El último sueño de un viejo
El grito es el grito del
instante. Lo he tocado, he tocado el grito de la vida. Y aquí está, aquí
habita, en el instante de la escritura que no sabe escribir la historia.
¿Causa dolor la belleza? En
particular, a mí sí, la belleza, y cada partícula de la belleza, me causa dolor,
¿busco la belleza o busco el dolor?

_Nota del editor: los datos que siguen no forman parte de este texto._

lemma open_upward_closed_eq_halfspace:
  fixes S :: "'a::real_inner set"
  assumes "open S" "S \<noteq> {}" "w \<notin> S" "norm u = 1"
    and up: "\<And>x. x \<in> S \<Longrightarrow> {y. u \<bullet> x < u \<bullet> y} \<subseteq> S"
  obtains \<alpha> where "S = {y. \<alpha> < u \<bullet> y}"
proof
  have "u \<bullet> w \<le> u \<bullet> x" if "x \<in> S" for x
    using up[OF that] \<open>w \<notin> S\<close> by (meson mem_Collect_eq not_le subsetD)
  then have bdd: "bdd_below ((\<bullet>) u ` S)"
    by (rule bdd_belowI2)
  show "S = {y. Inf ((\<bullet>) u ` S) < u \<bullet> y}"
  proof (intro set_eqI iffI)
    fix y assume "y \<in> S"
    then obtain e where "e > 0" "ball y e \<subseteq> S"
      using \<open>open S\<close> open_contains_ball by blast
    then have "y - (e / 2) *\<^sub>R u \<in> S"
      using \<open>norm u = 1\<close> by (auto simp: dist_norm)
    then have "Inf ((\<bullet>) u ` S) \<le> u \<bullet> y - e / 2"
      using bdd \<open>norm u = 1\<close> by (auto intro!: cInf_lower2 simp: inner_diff_right norm_eq_1)
    with \<open>e > 0\<close> show "y \<in> {y. Inf ((\<bullet>) u ` S) < u \<bullet> y}"
      by simp
  next
    fix y assume "y \<in> {y. Inf ((\<bullet>) u ` S) < u \<bullet> y}"
    then obtain x where "x \<in> S" "u \<bullet> x < u \<bullet> y"
      using \<open>S \<noteq> {}\<close> by (auto simp: cInf_less_iff bdd)
    with up show "y \<in> S"
      by blast
  qed
qed
(* Absorption fails on the strict face of the cube: (i) applicative order $SSS$ absorbs none of $ISI$, call-by-value $ISS$, head applicative order $SSI$, i.e. $SSS\circ st\neq SSS$ for each $st\in\{ISI,ISS,SSI\}$ (witness $(\lambda x.y)(\lambda k.k\,\Omega)$); (ii) $ISS\circ ISI\neq ISS$ (witness $(\lambda x.y)(x\,\Omega)$); (iii) $SSI\circ ISI\neq SSI$ (witness $(\lambda x.y)(\lambda x.\Omega)$). Here $\Omega=(\lambda x.xx)(\lambda x.xx)$.
   Context: Terms: $\Lambda ::= x\mid\lambda x.\Lambda\mid\Lambda\Lambda$; $[N/x]B$ is capture-avoiding substitution. An evaluator is a partial function $\Lambda\rightharpoonup\Lambda$ defined by inference rules, undefined (divergent) where no finite derivation exists; $\mathrm{id}$ is the identity; composition is undefined where the inner evaluator is. Eval-apply template: given evaluators $la,op_1,ar_1,op_2,ar_2$ (possibly $ea$ itself), $ea$ is defined by (var) $ea(x)=x$; (abs) $ea(\lambda x.B)=\lambda x.B'$ if $la(B)=B'$; (con) $ea(MN)=B'$ if $op_1(M)=\lambda x.B$, $ar_1(N)=N'$, $ea([N'/x]B)=B'$; (neu) $ea(MN)=M''N'$ if $op_1(M)=M'$, $M'$ not an abstraction, $op_2(M')=M''$, $ar_2(N)=N'$. Uniform evaluator $XYZ\in\{I,S\}^3$: $op_1=ea$, $op_2=\mathrm{id}$, and $la$, $ar_1$, $ar_2$ equal to $ea$ itself when the corresponding letter $X$, $Y$, $Z$ is $S$ and to $\mathrm{id}$ when it is $I$. A strategy $st_2$ absorbs $st_1$ iff $st_2\circ st_1=st_2$. *)

theory Defs
  imports Main
begin

datatype dB = Var nat | Lam dB | App dB dB

primrec lift :: "dB \<Rightarrow> nat \<Rightarrow> dB" where
  "lift (Var i) k = (if i < k then Var i else Var (Suc i))"
| "lift (Lam s) k = Lam (lift s (Suc k))"
| "lift (App s t) k = App (lift s k) (lift t k)"

text \<open>subst t s k: substitute s for index k in t (capture-avoiding by construction).
  For an abstraction Lam B, the beta-substitution [N/x]B is subst B N 0.\<close>
primrec subst :: "dB \<Rightarrow> dB \<Rightarrow> nat \<Rightarrow> dB" where
  "subst (Var i) s k = (if k < i then Var (i - 1) else if i = k then s else Var i)"
| "subst (Lam t) s k = Lam (subst t (lift s 0) (Suc k))"
| "subst (App t u) s k = App (subst t s k) (subst u s k)"

fun is_abs :: "dB \<Rightarrow> bool" where
  "is_abs (Lam _) = True"
| "is_abs _ = False"

datatype ltr = I | S

text \<open>Big-step relation of the uniform evaluator XYZ: op1 = ea, op2 = id,
  la = ea if X = S else id, ar1 = ea if Y = S else id, ar2 = ea if Z = S else id.\<close>
inductive ev :: "ltr \<Rightarrow> ltr \<Rightarrow> ltr \<Rightarrow> dB \<Rightarrow> dB \<Rightarrow> bool" for X Y Z where
  var: "ev X Y Z (Var n) (Var n)"
| absI: "X = I \<Longrightarrow> ev X Y Z (Lam B) (Lam B)"
| absS: "X = S \<Longrightarrow> ev X Y Z B B' \<Longrightarrow> ev X Y Z (Lam B) (Lam B')"
| conI: "Y = I \<Longrightarrow> ev X Y Z M (Lam B) \<Longrightarrow> ev X Y Z (subst B N 0) B'
          \<Longrightarrow> ev X Y Z (App M N) B'"
| conS: "Y = S \<Longrightarrow> ev X Y Z M (Lam B) \<Longrightarrow> ev X Y Z N N' \<Longrightarrow> ev X Y Z (subst B N' 0) B'
          \<Longrightarrow> ev X Y Z (App M N) B'"
| neuI: "Z = I \<Longrightarrow> ev X Y Z M M' \<Longrightarrow> \<not> is_abs M' \<Longrightarrow> ev X Y Z (App M N) (App M' N)"
| neuS: "Z = S \<Longrightarrow> ev X Y Z M M' \<Longrightarrow> \<not> is_abs M' \<Longrightarrow> ev X Y Z N N'
          \<Longrightarrow> ev X Y Z (App M N) (App M' N')"

definition eval :: "ltr \<Rightarrow> ltr \<Rightarrow> ltr \<Rightarrow> dB \<Rightarrow> dB option" where
  "eval X Y Z t = (if \<exists>u. ev X Y Z t u then Some (THE u. ev X Y Z t u) else None)"

definition omega :: dB where
  "omega = App (Lam (App (Var 0) (Var 0))) (Lam (App (Var 0) (Var 0)))"

text \<open>Free variables: y is de Bruijn index 0, x is de Bruijn index 1 (at top level).
  Hence \<lambda>x.y is Lam (Var 1).\<close>
definition const_y :: dB where "const_y = Lam (Var 1)"

definition w1 :: dB where   \<comment> \<open>(\<lambda>x.y)(\<lambda>k. k \<Omega>)\<close>
  "w1 = App const_y (Lam (App (Var 0) omega))"
definition w2 :: dB where   \<comment> \<open>(\<lambda>x.y)(x \<Omega>) with x free\<close>
  "w2 = App const_y (App (Var 1) omega)"
definition w3 :: dB where   \<comment> \<open>(\<lambda>x.y)(\<lambda>x.\<Omega>)\<close>
  "w3 = App const_y (Lam omega)"

end

theory Submission
  imports Defs
begin

text \<open>Each witness applies \<open>\<lambda>x. y\<close> to an argument in which \<open>\<Omega>\<close> sits under a binder or
  in the argument of a neutral term. The first strategy does not look there, so it discards the
  argument and returns the normal form \<open>y\<close>, on which every evaluator is defined. The second one is
  strict in arguments and does enter the binder resp. the neutral argument, where it must evaluate
  \<open>\<Omega>\<close>, which has no finite derivation; hence it is undefined on the witness itself.\<close>

inductive_cases ev_VarE: "ev X Y Z (Var n) u"
inductive_cases ev_LamE[consumes 1]: "ev X Y Z (Lam B) u"
inductive_cases ev_AppE[consumes 1]: "ev X Y Z (App M N) u"

lemma ev_Var_iff: "ev X Y Z (Var n) u \<longleftrightarrow> u = Var n"
  by (auto elim: ev_VarE intro: ev.var)

lemma ev_Lam_is_abs: "ev X Y Z (Lam B) u \<Longrightarrow> is_abs u"
  by (erule ev_LamE) simp_all

lemma ev_deterministic: "ev X Y Z t u \<Longrightarrow> ev X Y Z t u' \<Longrightarrow> u = u'"
proof (induction arbitrary: u' rule: ev.induct)
  case (var n)
  then show ?case by (blast elim: ev_VarE)
next
  case (absI B)
  from absI.prems \<open>X = I\<close> show ?case by (cases rule: ev_LamE) simp_all
next
  case (absS B B')
  from absS.prems \<open>X = S\<close> show ?case by (cases rule: ev_LamE) (simp_all add: absS.IH)
next
  case (conI M B N B')
  from conI.prems \<open>Y = I\<close> show ?case
    by (cases rule: ev_AppE; use conI.IH in force)
next
  case (conS M B N N' B')
  from conS.prems \<open>Y = S\<close> show ?case
    by (cases rule: ev_AppE; use conS.IH in force)
next
  case (neuI M M' N)
  from neuI.prems \<open>Z = I\<close> \<open>\<not> is_abs M'\<close> show ?case
    by (cases rule: ev_AppE; use neuI.IH in force)
next
  case (neuS M M' N N')
  from neuS.prems \<open>Z = S\<close> \<open>\<not> is_abs M'\<close> show ?case
    by (cases rule: ev_AppE; use neuS.IH in force)
qed

lemma eval_eq_SomeI: "ev X Y Z t u \<Longrightarrow> eval X Y Z t = Some u"
  unfolding eval_def using ev_deterministic by (metis the_equality)

lemma eval_eq_NoneI: "(\<And>u. \<not> ev X Y Z t u) \<Longrightarrow> eval X Y Z t = None"
  unfolding eval_def by simp

lemma ev_Lam_body: "ev S Y Z (Lam B) u \<Longrightarrow> \<exists>v. ev S Y Z B v"
  by (erule ev_LamE) auto

lemma ev_App_Var_arg: "ev X Y S (App (Var n) N) u \<Longrightarrow> \<exists>v. ev X Y S N v"
  by (erule ev_AppE) (auto simp: ev_Var_iff)

lemma ev_App_Lam_arg: "ev X S Z (App (Lam B) N) u \<Longrightarrow> \<exists>v. ev X S Z N v"
  by (erule ev_AppE) (auto dest: ev_Lam_is_abs)

lemma ev_self_app_Var: "ev X Y Z (App (Var 0) (Var 0)) u \<Longrightarrow> u = App (Var 0) (Var 0)"
  by (erule ev_AppE) (auto simp: ev_Var_iff)

lemma ev_Lam_self_app: "ev X Y Z (Lam (App (Var 0) (Var 0))) u \<Longrightarrow> u = Lam (App (Var 0) (Var 0))"
  by (erule ev_LamE) (auto dest: ev_self_app_Var)

text \<open>The operator \<open>\<lambda>x. x x\<close> of \<open>\<Omega>\<close> evaluates only to itself and contracting it
  gives \<open>\<Omega>\<close> back, so every derivation for \<open>\<Omega>\<close> has a proper subderivation for \<open>\<Omega>\<close>.\<close>
lemma ev_source_neq_omega: "ev X Y Z t u \<Longrightarrow> t \<noteq> omega"
  by (induction rule: ev.induct) (auto simp: omega_def dest!: ev_Lam_self_app)

lemma not_ev_omega: "\<not> ev X Y Z omega u"
  using ev_source_neq_omega by blast

lemma ev_const_y: "ev X Y Z const_y const_y"
  unfolding const_y_def by (cases X) (auto intro: ev.intros)

lemma ev_const_y_App:
  assumes "ev X S Z N N'"
  shows "ev X S Z (App const_y N) (Var 0)"
  using ev.conS[OF refl ev_const_y[unfolded const_y_def] assms] by (simp add: const_y_def ev.var)

lemma eval_Var: "eval X Y Z (Var n) = Some (Var n)"
  by (rule eval_eq_SomeI) (rule ev.var)

lemma eval_SSS_w1: "eval S S S w1 = None"
  using not_ev_omega
  by (intro eval_eq_NoneI)
    (auto simp: w1_def const_y_def dest!: ev_App_Lam_arg ev_Lam_body ev_App_Var_arg)

lemma eval_ISS_w2: "eval I S S w2 = None"
  using not_ev_omega
  by (intro eval_eq_NoneI) (auto simp: w2_def const_y_def dest!: ev_App_Lam_arg ev_App_Var_arg)

lemma eval_SSI_w3: "eval S S I w3 = None"
  using not_ev_omega
  by (intro eval_eq_NoneI) (auto simp: w3_def const_y_def dest!: ev_App_Lam_arg ev_Lam_body)

lemma eval_w1:
  "eval I S I w1 = Some (Var 0)" "eval I S S w1 = Some (Var 0)" "eval S S I w1 = Some (Var 0)"
  unfolding w1_def
  by (rule eval_eq_SomeI ev_const_y_App ev.absI ev.absS ev.neuI ev.var | simp)+

lemma eval_ISI_w2: "eval I S I w2 = Some (Var 0)"
  unfolding w2_def by (rule eval_eq_SomeI ev_const_y_App ev.neuI ev.var | simp)+

lemma eval_ISI_w3: "eval I S I w3 = Some (Var 0)"
  unfolding w3_def by (rule eval_eq_SomeI ev_const_y_App ev.absI | simp)+

theorem mainTheorem6:
  shows "((eval S S S \<circ>\<^sub>m eval I S I) w1 \<noteq> eval S S S w1
          \<and> (eval S S S \<circ>\<^sub>m eval I S S) w1 \<noteq> eval S S S w1
          \<and> (eval S S S \<circ>\<^sub>m eval S S I) w1 \<noteq> eval S S S w1
          \<and> eval S S S \<circ>\<^sub>m eval I S I \<noteq> eval S S S
          \<and> eval S S S \<circ>\<^sub>m eval I S S \<noteq> eval S S S
          \<and> eval S S S \<circ>\<^sub>m eval S S I \<noteq> eval S S S)
       \<and> ((eval I S S \<circ>\<^sub>m eval I S I) w2 \<noteq> eval I S S w2
          \<and> eval I S S \<circ>\<^sub>m eval I S I \<noteq> eval I S S)
       \<and> ((eval S S I \<circ>\<^sub>m eval I S I) w3 \<noteq> eval S S I w3
          \<and> eval S S I \<circ>\<^sub>m eval I S I \<noteq> eval S S I)"
proof -
  have "(eval S S S \<circ>\<^sub>m eval I S I) w1 \<noteq> eval S S S w1"
    "(eval S S S \<circ>\<^sub>m eval I S S) w1 \<noteq> eval S S S w1"
    "(eval S S S \<circ>\<^sub>m eval S S I) w1 \<noteq> eval S S S w1"
    "(eval I S S \<circ>\<^sub>m eval I S I) w2 \<noteq> eval I S S w2"
    "(eval S S I \<circ>\<^sub>m eval I S I) w3 \<noteq> eval S S I w3"
    by (simp_all add: eval_SSS_w1 eval_ISS_w2 eval_SSI_w3 eval_w1 eval_ISI_w2 eval_ISI_w3 eval_Var)
  then show ?thesis by metis
qed

end
(* Let $\mathcal H_X,\mathcal H_Y$ be finite-dimensional Hilbert spaces, let $\ket{\alpha_0},\ket{\alpha_1}\in\mathcal H_X$ be orthonormal, and let $\rho$ be a state on $\mathcal H_X\otimes\mathcal H_Y$ supported on $\operatorname{span}\{\ket{\alpha_0},\ket{\alpha_1}\}\otimes\mathcal H_Y$. Define the operators on $\mathcal H_Y$ $$A=\bra{\alpha_0}\rho\ket{\alpha_0},\qquad B=\bra{\alpha_0}\rho\ket{\alpha_1},$$ and assume that $A=a\ket\phi\bra\phi$ for some unit vector $\ket\phi\in\mathcal H_Y$ and some $a>0$. Then the following are equivalent: (i) $\rho$ is entangled across $X|Y$; (ii) $\rho$ is NPT across $X|Y$; (iii) $P_{\operatorname{supp}A}\,B\,P_{\operatorname{Ker}A}\neq0$; (iv) $\rho$ is projectively steerable from $X$ to $Y$.
   Context: $P_{\operatorname{supp}A}$ and $P_{\operatorname{Ker}A}$ are the orthogonal projectors onto the support (range) and kernel of $A$. NPT means the partial transpose with respect to $Y$ (in any fixed basis) is not positive semidefinite. For a bipartite state $\rho$ on $\mathcal H_X\otimes\mathcal H_Y$, the projective assemblage from $X$ to $Y$ consists of $\sigma_{a|M}=\operatorname{tr}_X[(\Pi_a\otimes I_Y)\rho]$ for all projective measurements $M=\{\Pi_a\}$ on $\mathcal H_X$. It admits a local hidden state (LHS) model if there exist a probability space $(\Lambda,\mu)$, density matrices $\tau_\lambda$ on $\mathcal H_Y$ (measurable in $\lambda$) and response functions $p(a|M,\lambda)\ge0$ with $\sum_a p(a|M,\lambda)=1$ such that $\sigma_{a|M}=\int_\Lambda p(a|M,\lambda)\tau_\lambda\,d\mu(\lambda)$ for all $M,a$. The state is projectively steerable from $X$ to $Y$ if no such model exists. *)

theory Defs
  imports "HOL-Probability.Probability"
begin

text \<open>Finite-dimensional Hilbert spaces are modelled as C^I for a finite index
type I (standard orthonormal basis); operators are matrices I x I.\<close>

type_synonym 'i cvec = "'i \<Rightarrow> complex"
type_synonym 'i cmat = "'i \<Rightarrow> 'i \<Rightarrow> complex"

definition inner_c :: "('i::finite) cvec \<Rightarrow> 'i cvec \<Rightarrow> complex" where
  "inner_c u v = (\<Sum>i\<in>UNIV. cnj (u i) * v i)"

definition mat_apply :: "('i::finite) cmat \<Rightarrow> 'i cvec \<Rightarrow> 'i cvec" where
  "mat_apply M v = (\<lambda>i. \<Sum>j\<in>UNIV. M i j * v j)"

definition mmult :: "('i::finite) cmat \<Rightarrow> 'i cmat \<Rightarrow> 'i cmat" where
  "mmult M N = (\<lambda>i k. \<Sum>j\<in>UNIV. M i j * N j k)"

definition id_mat :: "'i cmat" where
  "id_mat = (\<lambda>i j. if i = j then 1 else 0)"

definition adjoint :: "'i cmat \<Rightarrow> 'i cmat" where
  "adjoint M = (\<lambda>i j. cnj (M j i))"

definition trace_c :: "('i::finite) cmat \<Rightarrow> complex" where
  "trace_c M = (\<Sum>i\<in>UNIV. M i i)"

definition psd :: "('i::finite) cmat \<Rightarrow> bool" where
  "psd M \<longleftrightarrow> (\<forall>v. Im (inner_c v (mat_apply M v)) = 0 \<and> 0 \<le> Re (inner_c v (mat_apply M v)))"

definition density_op :: "('i::finite) cmat \<Rightarrow> bool" where
  "density_op M \<longleftrightarrow> psd M \<and> trace_c M = 1"

definition kron :: "'x cmat \<Rightarrow> 'y cmat \<Rightarrow> ('x \<times> 'y) cmat" where
  "kron S T = (\<lambda>(i, j) (i', j'). S i i' * T j j')"

definition separable :: "(('x::finite) \<times> ('y::finite)) cmat \<Rightarrow> bool" where
  "separable \<rho> \<longleftrightarrow> (\<exists>(n::nat) (p::nat \<Rightarrow> real) (S::nat \<Rightarrow> 'x cmat) (T::nat \<Rightarrow> 'y cmat).
      (\<forall>k<n. 0 \<le> p k \<and> density_op (S k) \<and> density_op (T k)) \<and> (\<Sum>k<n. p k) = 1 \<and>
      \<rho> = (\<lambda>u w. \<Sum>k<n. complex_of_real (p k) * kron (S k) (T k) u w))"

definition entangled :: "(('x::finite) \<times> ('y::finite)) cmat \<Rightarrow> bool" where
  "entangled \<rho> \<longleftrightarrow> \<not> separable \<rho>"

definition partial_transpose_Y :: "('x \<times> 'y) cmat \<Rightarrow> ('x \<times> 'y) cmat" where
  "partial_transpose_Y \<rho> = (\<lambda>(i, j) (i', j'). \<rho> (i, j') (i', j))"

definition NPT :: "(('x::finite) \<times> ('y::finite)) cmat \<Rightarrow> bool" where
  "NPT \<rho> \<longleftrightarrow> \<not> psd (partial_transpose_Y \<rho>)"

definition range_c :: "('i::finite) cmat \<Rightarrow> 'i cvec set" where
  "range_c M = range (mat_apply M)"

definition ker_c :: "('i::finite) cmat \<Rightarrow> 'i cvec set" where
  "ker_c M = {v. mat_apply M v = (\<lambda>_. 0)}"

definition is_orth_proj_onto :: "('i::finite) cmat \<Rightarrow> 'i cvec set \<Rightarrow> bool" where
  "is_orth_proj_onto P V \<longleftrightarrow> adjoint P = P \<and> mmult P P = P \<and> range_c P = V"

definition orth_proj :: "('i::finite) cvec set \<Rightarrow> 'i cmat" where
  "orth_proj V = (THE P. is_orth_proj_onto P V)"

definition is_orth_proj :: "('i::finite) cmat \<Rightarrow> bool" where
  "is_orth_proj P \<longleftrightarrow> adjoint P = P \<and> mmult P P = P"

Entonces, si tú eres la belleza, es decir,
lo inalcanzable, lo intangible, lo ajeno, lo accesible y palpable sólo a otra
belleza, entonces entiendo y entiendes que eres el dolor, el mayúsculo, el que
borra o domina los demás dolores, el dolor mágico, brujo, la suerte del dolor,
elegido por el dolor para el Dolor, para que mi dolor me duela puro y limpio, solos
el dolor y yo, ese latido que me dobla, me parte, me aniquila, la esencia, la
gota de agua que no beberé pero que siempre veré ante mis ojos, aunque
invisible, transparente y ciega, como ha de ser la luz del después, como
péndulo o marea que me dice que el tiempo está aquí, en la escritura, en la
historia no escrita de la escritura, en la no vivida, oscilante, de la nada a
la nada y de la nada a la nada, impasible, y cuando el péndulo se detenga, porque
el roce de la nada con la materia produce el desgaste, la desaparición de la
materia, como es la desaparición del acantilado ante el roce insistente del
viento, frío y metálico como el último
ahogo del aire ante la falta de aire, de la luz, y porque ya se sabe que la
nada tiende por naturaleza a ser nada, desaparecer, entonces será el latigazo
último, crujido del silencio, y la escritura dejará de existir, detenida.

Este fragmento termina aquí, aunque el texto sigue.